Шрифт:
Интервал:
Закладка:
– Но я позабочусь о том, чтобы ее первый опыт был не столь уж болезненным, и уж тем более не угрожал бы ее жизни. Нет смысла начинать, чтобы сразу же и закончить, сгинуть, едва ступив на предназначенную стезю. Богом дарованная красота – товар редкий, и цена его будет расти по мере приобретения навыков и мастерства, а умелый торговец всегда найдет выгодных покупателей. Но это потом. А пока главное ее преимущество – чистота. За детскую чистоту платят дорого. За изначальную, божественную девственность, за ту, что до грехопадения, в первые часы воплощенной вселенной, на седьмой день бытия. Платят за неведение и страх, за слезы и боль. За право быть первым. Стать преобразователем, разрушителем.
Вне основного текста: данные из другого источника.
(*
  Put U m = \<pi> (s^A_m), and let A depend only on the first k coordinates. For m > k, U m is a
  self-adjoint unitary involution. For g, h in S(2^\<infinity>) moving only coordinates below n and
  indices j, j' \<ge> max n k, conjugating by the transposition of the coordinates j, j' and by
  the flip of coordinate j' controlled by coordinate j commutes with g and h and turns
  s^A_(j+1) into s^A_(j'+1), resp. s^A_(j+1) s^A_(j'+1). Since chi is a class function, the
  coefficients \<langle>U m \<pi>(g)\<xi>, \<pi>(h)\<xi>\<rangle> are eventually independent of m, and a second
  factor U b with b \<noteq> a is eventually absorbed by U a. By linearity this persists on the span D
  of the orbit of \<xi>, which is dense.

  Consequently, for e in D the vectors U m e eventually have a Gram matrix that is constant off
  the diagonal, so the averages of U m e over the blocks N < m \<le> 2N form a Cauchy sequence;
  by density and completeness these averages converge in norm for every vector, defining a
  linear contraction P. On D the coefficients of U m are eventually constant and equal to those
  of P, so U m \<rightarrow> P weakly by density, and P inherits self-adjointness from the U m.
  Idempotence: for e, f in D and large a, \<langle>U a (P f), e\<rangle> = \<langle>P f, U a e\<rangle> = \<langle>U a f, e\<rangle> by
  the absorption property, and letting a \<rightarrow> \<infinity> gives \<langle>P (P f), e\<rangle> = \<langle>P f, e\<rangle>.
*)

theory Submission
  imports Defs
begin

section \<open>Finitary permutations of the Cantor space\<close>

definition finitary_perm :: "nat \<Rightarrow> (cantor \<Rightarrow> cantor) \<Rightarrow> bool" where
  "finitary_perm n g \<longleftrightarrow> bij g \<and> (\<forall>x i. n \<le> i \<longrightarrow> g x i = x i) \<and>
     (\<forall>x y. (\<forall>i<n. x i = y i) \<longrightarrow> (\<forall>i<n. g x i = g y i))"

lemma act_fin_below:
  "length (s (map x [0..<n])) = n \<Longrightarrow> i < n \<Longrightarrow> act_fin n s x i = s (map x [0..<n]) ! i"
  by (simp add: act_fin_def Let_def)

lemma act_fin_above: "n \<le> i \<Longrightarrow> act_fin n s x i = x i"
  by (simp add: act_fin_def Let_def)

lemma map_act_fin:
  "length (s (map x [0..<n])) = n \<Longrightarrow> map (act_fin n s x) [0..<n] = s (map x [0..<n])"
  by (intro nth_equalityI) (auto simp: act_fin_below)

lemma map_upt_eq_iff: "map x [0..<n] = map y [0..<n] \<longleftrightarrow> (\<forall>i<n. x i = y i)"
  by (auto simp: list_eq_iff_nth_eq)

lemma S2n_imp_finitary_perm:
  assumes "g \<in> S2n n" shows "finitary_perm n g"
proof -
  obtain s where g: "g = act_fin n s" and s: "bij_betw s (Xn n) (Xn n)"
    using assms by (auto simp: S2n_def)
  have len: "length (s (map x [0..<n])) = n" for x
    using bij_betw_apply[OF s, of "map x [0..<n]"] by (simp add: Xn_def)
  have low: "map (g x) [0..<n] = s (map x [0..<n])" for x
    unfolding g by (rule map_act_fin[where s=s and x=x and n=n]) (rule len)
  have high: "g x i = x i" if "n \<le> i" for x i
    unfolding g using that by (rule act_fin_above)
  have "inj g"
  proof (rule injI)
    fix x y assume "g x = g y"
    then have "s (map x [0..<n]) = s (map y [0..<n])" using low by metis
    then have "map x [0..<n] = map y [0..<n]"
      using bij_betw_imp_inj_on[OF s] by (auto simp: Xn_def dest: inj_onD)
    then have "x i = y i" for i
      using \<open>g x = g y\<close> high[of i x] high[of i y] by (cases "i < n") (auto simp: map_upt_eq_iff)
    then show "x = y" by blast
  qed
  moreover have "y \<in> range g" for y
  proof -
    have "map y [0..<n] \<in> s ` Xn n"
      using bij_betw_imp_surj_on[OF s] by (simp add: Xn_def)
    then obtain xs where xs: "xs \<in> Xn n" "s xs = map y [0..<n]" by auto
    define x where "x = (\<lambda>i. if i < n then xs ! i else y i)"
    have "map x [0..<n] = xs" using xs(1) by (intro nth_equalityI) (auto simp: x_def Xn_def)
    then have "map (g x) [0..<n] = map y [0..<n]" using low xs(2) by simp
    then have "g x i = y i" for i
      using high[of i x] by (cases "i < n") (auto simp: map_upt_eq_iff x_def)
    then have "g x = y" by (simp add: fun_eq_iff)
    then show ?thesis by blast
  qed
  moreover have "\<forall>i<n. g x i = g y i" if "\<forall>i<n. x i = y i" for x y
  proof -
    have "map x [0..<n] = map y [0..<n]" using that by (simp add: map_upt_eq_iff)
    then have "map (g x) [0..<n] = map (g y) [0..<n]" by (simp only: low)
    then show ?thesis by (simp add: map_upt_eq_iff)
  qed
  ultimately show ?thesis
    unfolding finitary_perm_def bij_def using high by auto
qed

definition extend_False :: "bool list \<Rightarrow> cantor" where
  "extend_False xs = (\<lambda>i. if i < length xs then xs ! i else False)"

lemma finitary_perm_imp_S2n:
  assumes "finitary_perm n g" shows "g \<in> S2n n"
proof -
  have b: "bij g" and high: "\<And>x i. n \<le> i \<Longrightarrow> g x i = x i"
   and low: "\<And>x y i. \<forall>i<n. x i = y i \<Longrightarrow> i < n \<Longrightarrow> g x i = g y i"
    using assms by (auto simp: finitary_perm_def)
  define s where "s = (\<lambda>xs. map (g (extend_False xs)) [0..<n])"
  have map_s: "s (map x [0..<n]) = map (g x) [0..<n]" for x
    unfolding s_def map_upt_eq_iff by (intro allI impI low) (auto simp: extend_False_def)
  have "act_fin n s = g"
  proof (intro ext)
    fix x i show "act_fin n s x i = g x i"
      using map_s[of x] high[of i x] by (cases "i < n") (auto simp: act_fin_def Let_def)
  qed
  moreover have "bij_betw s (Xn n) (Xn n)"
  proof (rule bij_betwI')
    fix xs ys assume xs: "xs \<in> Xn n" and ys: "ys \<in> Xn n"
    show "s xs = s ys \<longleftrightarrow> xs = ys"
    proof
      assume "s xs = s ys"
      then have "g (extend_False xs) i = g (extend_False ys) i" for i
        using xs ys high[of i] by (cases "i < n") (auto simp: s_def map_upt_eq_iff extend_False_def Xn_def)
      then have "g (extend_False xs) = g (extend_False ys)" by blast
      then have "extend_False xs = extend_False ys" using b by (simp add: bij_def inj_eq)
      then have ext_eq: "extend_False xs i = extend_False ys i" for i by simp
      show "xs = ys"
      proof (rule nth_equalityI)
        show "length xs = length ys" using xs ys by (simp add: Xn_def)
        show "xs ! i = ys ! i" if "i < length xs" for i
          using ext_eq[of i] that \<open>length xs = length ys\<close> by (simp add: extend_False_def)
      qed
    qed simp
  next
    fix xs show "s xs \<in> Xn n" by (simp add: s_def Xn_def)
  next
    fix ys assume ys: "ys \<in> Xn n"
    obtain x where x: "g x = extend_False ys" using b by (metis bij_def surj_def)
    have "s (map x [0..<n]) = ys"
      using x ys by (auto intro!: nth_equalityI simp: map_s Xn_def extend_False_def)
    then show "\<exists>xs\<in>Xn n. ys = s xs" by (force simp: Xn_def)
  qed
  ultimately show ?thesis by (auto simp: S2n_def)
qed

lemma S2inf_iff_finitary_perm: "g \<in> S2inf \<longleftrightarrow> (\<exists>n. finitary_perm n g)"
  by (auto simp: S2inf_def intro: S2n_imp_finitary_perm finitary_perm_imp_S2n)

lemma finitary_perm_mono:
  assumes "finitary_perm n g" "n \<le> n'" shows "finitary_perm n' g"
proof -
  have high: "\<And>x i. n \<le> i \<Longrightarrow> g x i = x i"
   and low: "\<And>x y i. \<forall>i<n. x i = y i \<Longrightarrow> i < n \<Longrightarrow> g x i = g y i"
    using assms(1) by (auto simp: finitary_perm_def)
  have "g x i = g y i" if "\<forall>i<n'. x i = y i" "i < n'" for x y i
  proof (cases "i < n")
    case True
    then show ?thesis by (rule low[rotated]) (use that assms(2) in auto)
  qed (use that high[of i] in auto)
  then show ?thesis using assms by (auto simp: finitary_perm_def)
qed

lemma finitary_perm_comp: "finitary_perm n g \<Longrightarrow> finitary_perm n h \<Longrightarrow> finitary_perm n (g \<circ> h)"
  unfolding finitary_perm_def by (auto intro: bij_comp)

lemma finitary_perm_inv:
  assumes "finitary_perm n g" shows "finitary_perm n (inv g)"
proof -
  have b: "bij g" and high: "\<And>x i. n \<le> i \<Longrightarrow> g x i = x i"
   and low: "\<And>x y i. \<forall>i<n. x i = y i \<Longrightarrow> i < n \<Longrightarrow> g x i = g y i"
    using assms by (auto simp: finitary_perm_def)
  have g_inv: "g (inv g x) = x" for x using b by (simp add: bij_is_surj surj_f_inv_f)
  have high': "inv g x i = x i" if "n \<le> i" for x i
    using high[OF that, of "inv g x"] g_inv by simp
  have low': "inv g x i = inv g y i" if xy: "\<forall>i<n. x i = y i" "i < n" for x y i
  proof -
    define z where "z = (\<lambda>i. if i < n then inv g x i else inv g y i)"
    have "g z = y"
    proof
      fix j show "g z j = y j"
    proof (cases "j < n")
      case True
      then have "g z j = g (inv g x) j" by (intro low) (auto simp: z_def)
      then show ?thesis using g_inv xy True by simp
    next
      case False
      then show ?thesis using high[of j z] high'[of j y] by (simp add: z_def)
    qed
    qed
    then have "z = inv g y" using b by (metis bij_inv_eq_iff)
    then show ?thesis using xy(2) by (metis z_def)
  qed
  show ?thesis unfolding finitary_perm_def
    using b high' low' by (auto intro: bij_imp_bij_inv)
qed

lemma S2inf_comp: "g \<in> S2inf \<Longrightarrow> h \<in> S2inf \<Longrightarrow> g \<circ> h \<in> S2inf"
  unfolding S2inf_iff_finitary_perm
  using finitary_perm_comp finitary_perm_mono[of _ _ "max _ _"] by (meson max.cobounded1 max.cobounded2)

lemma S2inf_inv: "g \<in> S2inf \<Longrightarrow> inv g \<in> S2inf"
  unfolding S2inf_iff_finitary_perm using finitary_perm_inv by blast

lemma S2inf_id: "id \<in> S2inf"
  unfolding S2inf_iff_finitary_perm finitary_perm_def by auto

lemma S2inf_bij: "g \<in> S2inf \<Longrightarrow> bij g"
  unfolding S2inf_iff_finitary_perm finitary_perm_def by blast

definition depends_below :: "nat \<Rightarrow> cantor set \<Rightarrow> bool" where
  "depends_below k A \<longleftrightarrow> (\<forall>x y. (\<forall>i<k. x i = y i) \<longrightarrow> (x \<in> A \<longleftrightarrow> y \<in> A))"

lemma nice_imp_depends_below:
  assumes "nice A" shows "\<exists>k. depends_below k A"
proof -
  obtain k C where A: "A = {x. map x [0..<k] \<in> C}" using assms unfolding nice_def by blast
  have "x \<in> A \<longleftrightarrow> y \<in> A" if "\<forall>i<k. x i = y i" for x y
  proof -
    have "map x [0..<k] = map y [0..<k]" using that by (simp only: map_upt_eq_iff)
    then show ?thesis by (simp only: A mem_Collect_eq)
  qed
  then show ?thesis unfolding depends_below_def by blast
qed

definition acts_above :: "nat \<Rightarrow> (cantor \<Rightarrow> cantor) \<Rightarrow> bool" where
  "acts_above n t \<longleftrightarrow> (\<forall>x i. i < n \<longrightarrow> t x i = x i) \<and>
     (\<forall>x y. (\<forall>i\<ge>n. x i = y i) \<longrightarrow> (\<forall>i\<ge>n. t x i = t y i))"

lemma depends_below_acts_above:
  assumes "depends_below k A" and "acts_above k t" shows "t x \<in> A \<longleftrightarrow> x \<in> A"
proof -
  have "\<forall>i<k. t x i = x i" using assms(2) by (simp add: acts_above_def)
  then show ?thesis using assms(1) unfolding depends_below_def by blast
qed

lemma finitary_perm_commute:
  assumes g: "finitary_perm n g" and t: "acts_above n t" shows "t \<circ> g = g \<circ> t"
proof (intro ext)
  have high: "\<And>x i. n \<le> i \<Longrightarrow> g x i = x i"
   and low: "\<And>x y i. \<forall>i<n. x i = y i \<Longrightarrow> i < n \<Longrightarrow> g x i = g y i"
    using g by (auto simp: finitary_perm_def)
  have t_low: "\<And>x i. i < n \<Longrightarrow> t x i = x i"
   and t_high: "\<And>x y i. \<forall>i\<ge>n. x i = y i \<Longrightarrow> n \<le> i \<Longrightarrow> t x i = t y i"
    using t by (auto simp: acts_above_def)
  fix x i
  show "(t \<circ> g) x i = (g \<circ> t) x i"
  proof (cases "i < n")
    case True
    then show ?thesis using t_low low[of x "t x" i] by simp
  next
    case False
    then show ?thesis using high t_high[of "g x" x i] by simp
  qed
qed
Влезть на божественную кухню и подправить рецепт. Тебе это тоже нравилось… Помнишь, как лишал девственности свою жену? Сколько ей было? Шестнадцать? Опоздал. Кости уже раздались. Но тебе все равно понравилось. Ты был первым. Ты всех опередил, всех обыграл и первым упился ее страхом. Вы все этого хотите. Все до единого. Быть первым! Ну что ж, твоя дочь станет воплощением чьей-то мечты. Тут уж ничего не поделаешь, она девочка, и участь ее решена. У кого один владелец, у кого два, а кто-то еженощно идет с молотка. А ты бы что предпочел для своей дочери? Тишину замужества или многообразие борделя? Могу устроить и то, и другое.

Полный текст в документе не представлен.